Task objective: Please reproduce the entries that follow, keeping each word intact.

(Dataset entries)
(* For two finite subsets $E,F\subseteq\mathbb{N}$ with $\min\{|E|,|F|\}\ge2$, we have $\mathcal{F}_E\subseteq\mathcal{F}_F$ if and only if $A_F\subseteq A_E$, $\Pi_F\setminus\{2\}\subseteq\Pi_E$, and $\alpha_E(p)=\alpha_F(p)$ for all $p\in A_F\setminus\Pi_E$.
   Context: $\mathbb{N}=\{1,2,\dots\}$, $\mathbb{N}_0=\{0\}\cup\mathbb{N}$, $\Pi$ the set of primes, $\Pi_z$ the set of prime divisors of $z$; $\{0,k\}+p\mathbb{Z}=p\mathbb{Z}\cup(k+p\mathbb{Z})$. The Kirch topology $\tau_K$ on $\mathbb{N}$ is generated by the base of all $a+b\mathbb{N}_0=\{a+bn:n\in\mathbb{N}_0\}$ with $a,b\in\mathbb{N}$ coprime and $b$ square-free. Closures $\overline{U}$ are in $\tau_K$; $\tau_x=\{U\in\tau_K:x\in U\}$. For finite $E\subseteq\mathbb{N}$, $\mathcal{F}_E=\{B\subseteq\mathbb{N}:\exists (U_x)_{x\in E}\in\prod_{x\in E}\tau_x\ (\bigcap_{x\in E}\overline{U_x}\subseteq B)\}$. For nonempty finite $E$: $\Pi_E=\bigcap_{z\in E}\Pi_z$; $A_E=\{p\in\Pi:\exists k\in\mathbb{N}\ (E\subseteq\{0,k\}+p\mathbb{Z})\}$; $\alpha_E:A_E\to\mathbb{N}_0$ is the unique function with $0\le\alpha_E(p)<p$ and $E\subseteq\{0,\alpha_E(p)\}+p\mathbb{Z}$ for all $p\in A_E$, $\alpha_E(2)=1$, and $\alpha_E(p)=0$ for $p\in\Pi_E\setminus\{2\}$. *)

theory Defs
  imports "HOL-Analysis.Analysis" "HOL-Computational_Algebra.Squarefree"
begin

text \<open>Positive naturals N = {1,2,...} are represented as the subset {1..} of nat.\<close>

definition arith_prog :: "nat \<Rightarrow> nat \<Rightarrow> nat set" where
  "arith_prog a b = {a + b * n | n. True}"

definition kirch_base :: "nat set set" where
  "kirch_base = {arith_prog a b | a b. a \<ge> 1 \<and> b \<ge> 1 \<and> coprime a b \<and> squarefree b}"

definition kirch_topology :: "nat topology" where
  "kirch_topology = topology_generated_by kirch_base"

definition tau_at :: "nat \<Rightarrow> nat set set" where
  "tau_at x = {U. openin kirch_topology U \<and> x \<in> U}"

definition filterF :: "nat set \<Rightarrow> nat set set" where
  "filterF E = {B. B \<subseteq> {1..} \<and>
     (\<exists>U. (\<forall>x\<in>E. U x \<in> tau_at x) \<and> (\<Inter>x\<in>E. kirch_topology closure_of (U x)) \<subseteq> B)}"

definition PiE_set :: "nat set \<Rightarrow> nat set" where
  "PiE_set E = (\<Inter>z\<in>E. {p. prime p \<and> p dvd z})"

definition A_set :: "nat set \<Rightarrow> nat set" where
  "A_set E = {p. prime p \<and> (\<exists>k\<ge>1. \<forall>z\<in>E. z mod p = 0 \<or> z mod p = k mod p)}"

definition alpha :: "nat set \<Rightarrow> nat \<Rightarrow> nat" where
  "alpha E p = (THE a. a < p \<and> (\<forall>z\<in>E. z mod p = 0 \<or> z mod p = a)
        \<and> (p = 2 \<longrightarrow> a = 1) \<and> (p \<in> PiE_set E \<and> p \<noteq> 2 \<longrightarrow> a = 0))"

end

theory Submission
  imports Defs "HOL-Number_Theory.Cong"
begin

(*
  In the Kirch topology the progressions x + b N0 with b squarefree and coprime to x form a
  neighbourhood base of x, and the closure of x + b N0 consists of the n >= 1 that, at every prime
  q dividing b, are divisible by q or congruent to x modulo q.  Hence F_E has a base of sets cut out
  by finitely many local conditions "p divides n, or n = x (mod p) for every x in E prime to p".
  By the Chinese remainder theorem conditions at distinct primes are independent, so F_E <= F_F
  holds iff at every prime the local condition for F implies the one for E.  The residues allowed
  at p are all residues if p is in Pi_E or p = 2, the residues 0 and alpha_E(p) if p is in
  A_E - Pi_E, and 0 alone otherwise; comparing these prime by prime gives the three conditions.
*)

lemma squarefree_lcm:
  fixes a b :: "'a :: factorial_semiring_gcd"
  assumes "squarefree a" "squarefree b"
  shows "squarefree (lcm a b)"
proof -
  have "a \<noteq> 0" "b \<noteq> 0"
    using assms by auto
  moreover have "lcm a b \<noteq> 0"
    using calculation by (simp add: lcm_eq_0_iff)
  ultimately show ?thesis
    using assms by (simp add: squarefree_factorial_semiring'' multiplicity_lcm)
qed

lemma coprime_lcm_right:
  fixes a b c :: "'a :: semiring_gcd"
  assumes "coprime a b" "coprime a c"
  shows "coprime a (lcm b c)"
proof -
  have "coprime a (b * c)"
    using assms by simp
  moreover have "lcm b c dvd b * c"
    by (simp add: lcm_least)
  ultimately show ?thesis
    using coprime_divisors[of a a "lcm b c" "b * c"] by simp
qed

lemma squarefree_dvdI:
  fixes g m :: "'a :: factorial_semiring"
  assumes "squarefree g" and prime_dvd: "\<And>p. prime p \<Longrightarrow> p dvd g \<Longrightarrow> p dvd m"
  shows "g dvd m"
proof (cases "m = 0")
  case False
  have "g \<noteq> 0"
    using assms(1) by auto
  then show ?thesis
  proof (rule multiplicity_le_imp_dvd)
    fix p :: 'a assume p: "prime p"
    show "multiplicity p g \<le> multiplicity p m"
    proof (cases "p dvd g")
      case True
      then have "multiplicity p m > 0"
        using prime_dvd p False by (simp add: prime_multiplicity_gt_zero_iff)
      moreover have "multiplicity p g \<le> 1"
        using assms(1) \<open>g \<noteq> 0\<close> p squarefree_factorial_semiring'' by blast
      ultimately show ?thesis by linarith
    qed (simp add: not_dvd_imp_multiplicity_0)
  qed
qed simp

lemma cong_squarefree_modulus:
  fixes g n x :: nat
  assumes "squarefree g" "\<And>q. prime q \<Longrightarrow> q dvd g \<Longrightarrow> [n = x] (mod q)"
  shows "[n = x] (mod g)"
proof -
  have "[n = x] (mod g)" if "x \<le> n" "\<And>q. prime q \<Longrightarrow> q dvd g \<Longrightarrow> [n = x] (mod q)" for n x
    using that assms(1) by (simp add: cong_altdef_nat squarefree_dvdI)
  then show ?thesis
    using assms(2) by (metis cong_sym nat_le_linear)
qed

lemma mem_arith_prog: "m \<in> arith_prog a b \<longleftrightarrow> (\<exists>k. m = a + b * k)"
  unfolding arith_prog_def by auto

lemma arith_prog_mono: "b dvd c \<Longrightarrow> arith_prog a c \<subseteq> arith_prog a b"
  by (auto simp: mem_arith_prog elim!: dvdE)

lemma arith_prog_subset_of_mem:
  assumes "x \<in> arith_prog a b"
  shows "arith_prog x b \<subseteq> arith_prog a b"
proof
  fix y assume "y \<in> arith_prog x b"
  then obtain j where "y = x + b * j"
    by (auto simp: mem_arith_prog)
  moreover obtain k where "x = a + b * k"
    using assms by (auto simp: mem_arith_prog)
  ultimately have "y = a + b * (k + j)"
    by (simp add: algebra_simps)
  then show "y \<in> arith_prog a b"
    using mem_arith_prog by blast
qed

Task answer:
(* For two finite subsets $E,F\subseteq\mathbb{N}$ with $\min\{|E|,|F|\}\ge2$, we have $\mathcal{F}_E\subseteq\mathcal{F}_F$ if and only if $A_F\subseteq A_E$, $\Pi_F\setminus\{2\}\subseteq\Pi_E$, and $\alpha_E(p)=\alpha_F(p)$ for all $p\in A_F\setminus\Pi_E$.
   Context: $\mathbb{N}=\{1,2,\dots\}$, $\mathbb{N}_0=\{0\}\cup\mathbb{N}$, $\Pi$ the set of primes, $\Pi_z$ the set of prime divisors of $z$; $\{0,k\}+p\mathbb{Z}=p\mathbb{Z}\cup(k+p\mathbb{Z})$. The Kirch topology $\tau_K$ on $\mathbb{N}$ is generated by the base of all $a+b\mathbb{N}_0=\{a+bn:n\in\mathbb{N}_0\}$ with $a,b\in\mathbb{N}$ coprime and $b$ square-free. Closures $\overline{U}$ are in $\tau_K$; $\tau_x=\{U\in\tau_K:x\in U\}$. For finite $E\subseteq\mathbb{N}$, $\mathcal{F}_E=\{B\subseteq\mathbb{N}:\exists (U_x)_{x\in E}\in\prod_{x\in E}\tau_x\ (\bigcap_{x\in E}\overline{U_x}\subseteq B)\}$. For nonempty finite $E$: $\Pi_E=\bigcap_{z\in E}\Pi_z$; $A_E=\{p\in\Pi:\exists k\in\mathbb{N}\ (E\subseteq\{0,k\}+p\mathbb{Z})\}$; $\alpha_E:A_E\to\mathbb{N}_0$ is the unique function with $0\le\alpha_E(p)<p$ and $E\subseteq\{0,\alpha_E(p)\}+p\mathbb{Z}$ for all $p\in A_E$, $\alpha_E(2)=1$, and $\alpha_E(p)=0$ for $p\in\Pi_E\setminus\{2\}$. *)

theory Defs
  imports "HOL-Analysis.Analysis" "HOL-Computational_Algebra.Squarefree"
begin

text \<open>Positive naturals N = {1,2,...} are represented as the subset {1..} of nat.\<close>

definition arith_prog :: "nat \<Rightarrow> nat \<Rightarrow> nat set" where
  "arith_prog a b = {a + b * n | n. True}"

definition kirch_base :: "nat set set" where
  "kirch_base = {arith_prog a b | a b. a \<ge> 1 \<and> b \<ge> 1 \<and> coprime a b \<and> squarefree b}"

definition kirch_topology :: "nat topology" where
  "kirch_topology = topology_generated_by kirch_base"

definition tau_at :: "nat \<Rightarrow> nat set set" where
  "tau_at x = {U. openin kirch_topology U \<and> x \<in> U}"

definition filterF :: "nat set \<Rightarrow> nat set set" where
  "filterF E = {B. B \<subseteq> {1..} \<and>
     (\<exists>U. (\<forall>x\<in>E. U x \<in> tau_at x) \<and> (\<Inter>x\<in>E. kirch_topology closure_of (U x)) \<subseteq> B)}"

definition PiE_set :: "nat set \<Rightarrow> nat set" where
  "PiE_set E = (\<Inter>z\<in>E. {p. prime p \<and> p dvd z})"

definition A_set :: "nat set \<Rightarrow> nat set" where
  "A_set E = {p. prime p \<and> (\<exists>k\<ge>1. \<forall>z\<in>E. z mod p = 0 \<or> z mod p = k mod p)}"

definition alpha :: "nat set \<Rightarrow> nat \<Rightarrow> nat" where
  "alpha E p = (THE a. a < p \<and> (\<forall>z\<in>E. z mod p = 0 \<or> z mod p = a)
        \<and> (p = 2 \<longrightarrow> a = 1) \<and> (p \<in> PiE_set E \<and> p \<noteq> 2 \<longrightarrow> a = 0))"

end

theory Submission
  imports Defs "HOL-Number_Theory.Cong"
begin

(*
  In the Kirch topology the progressions x + b N0 with b squarefree and coprime to x form a
  neighbourhood base of x, and the closure of x + b N0 consists of the n >= 1 that, at every prime
  q dividing b, are divisible by q or congruent to x modulo q.  Hence F_E has a base of sets cut out
  by finitely many local conditions "p divides n, or n = x (mod p) for every x in E prime to p".
  By the Chinese remainder theorem conditions at distinct primes are independent, so F_E <= F_F
  holds iff at every prime the local condition for F implies the one for E.  The residues allowed
  at p are all residues if p is in Pi_E or p = 2, the residues 0 and alpha_E(p) if p is in
  A_E - Pi_E, and 0 alone otherwise; comparing these prime by prime gives the three conditions.
*)

lemma squarefree_lcm:
  fixes a b :: "'a :: factorial_semiring_gcd"
  assumes "squarefree a" "squarefree b"
  shows "squarefree (lcm a b)"
proof -
  have "a \<noteq> 0" "b \<noteq> 0"
    using assms by auto
  moreover have "lcm a b \<noteq> 0"
    using calculation by (simp add: lcm_eq_0_iff)
  ultimately show ?thesis
    using assms by (simp add: squarefree_factorial_semiring'' multiplicity_lcm)
qed

lemma coprime_lcm_right:
  fixes a b c :: "'a :: semiring_gcd"
  assumes "coprime a b" "coprime a c"
  shows "coprime a (lcm b c)"
proof -
  have "coprime a (b * c)"
    using assms by simp
  moreover have "lcm b c dvd b * c"
    by (simp add: lcm_least)
  ultimately show ?thesis
    using coprime_divisors[of a a "lcm b c" "b * c"] by simp
qed

lemma squarefree_dvdI:
  fixes g m :: "'a :: factorial_semiring"
  assumes "squarefree g" and prime_dvd: "\<And>p. prime p \<Longrightarrow> p dvd g \<Longrightarrow> p dvd m"
  shows "g dvd m"
proof (cases "m = 0")
  case False
  have "g \<noteq> 0"
    using assms(1) by auto
  then show ?thesis
  proof (rule multiplicity_le_imp_dvd)
    fix p :: 'a assume p: "prime p"
    show "multiplicity p g \<le> multiplicity p m"
    proof (cases "p dvd g")
      case True
      then have "multiplicity p m > 0"
        using prime_dvd p False by (simp add: prime_multiplicity_gt_zero_iff)
      moreover have "multiplicity p g \<le> 1"
        using assms(1) \<open>g \<noteq> 0\<close> p squarefree_factorial_semiring'' by blast
      ultimately show ?thesis by linarith
    qed (simp add: not_dvd_imp_multiplicity_0)
  qed
qed simp

lemma cong_squarefree_modulus:
  fixes g n x :: nat
  assumes "squarefree g" "\<And>q. prime q \<Longrightarrow> q dvd g \<Longrightarrow> [n = x] (mod q)"
  shows "[n = x] (mod g)"
proof -
  have "[n = x] (mod g)" if "x \<le> n" "\<And>q. prime q \<Longrightarrow> q dvd g \<Longrightarrow> [n = x] (mod q)" for n x
    using that assms(1) by (simp add: cong_altdef_nat squarefree_dvdI)
  then show ?thesis
    using assms(2) by (metis cong_sym nat_le_linear)
qed

lemma mem_arith_prog: "m \<in> arith_prog a b \<longleftrightarrow> (\<exists>k. m = a + b * k)"
  unfolding arith_prog_def by auto

lemma arith_prog_mono: "b dvd c \<Longrightarrow> arith_prog a c \<subseteq> arith_prog a b"
  by (auto simp: mem_arith_prog elim!: dvdE)

lemma arith_prog_subset_of_mem:
  assumes "x \<in> arith_prog a b"
  shows "arith_prog x b \<subseteq> arith_prog a b"
proof
  fix y assume "y \<in> arith_prog x b"
  then obtain j where "y = x + b * j"
    by (auto simp: mem_arith_prog)
  moreover obtain k where "x = a + b * k"
    using assms by (auto simp: mem_arith_prog)
  ultimately have "y = a + b * (k + j)"
    by (simp add: algebra_simps)
  then show "y \<in> arith_prog a b"
    using mem_arith_prog by blast
qed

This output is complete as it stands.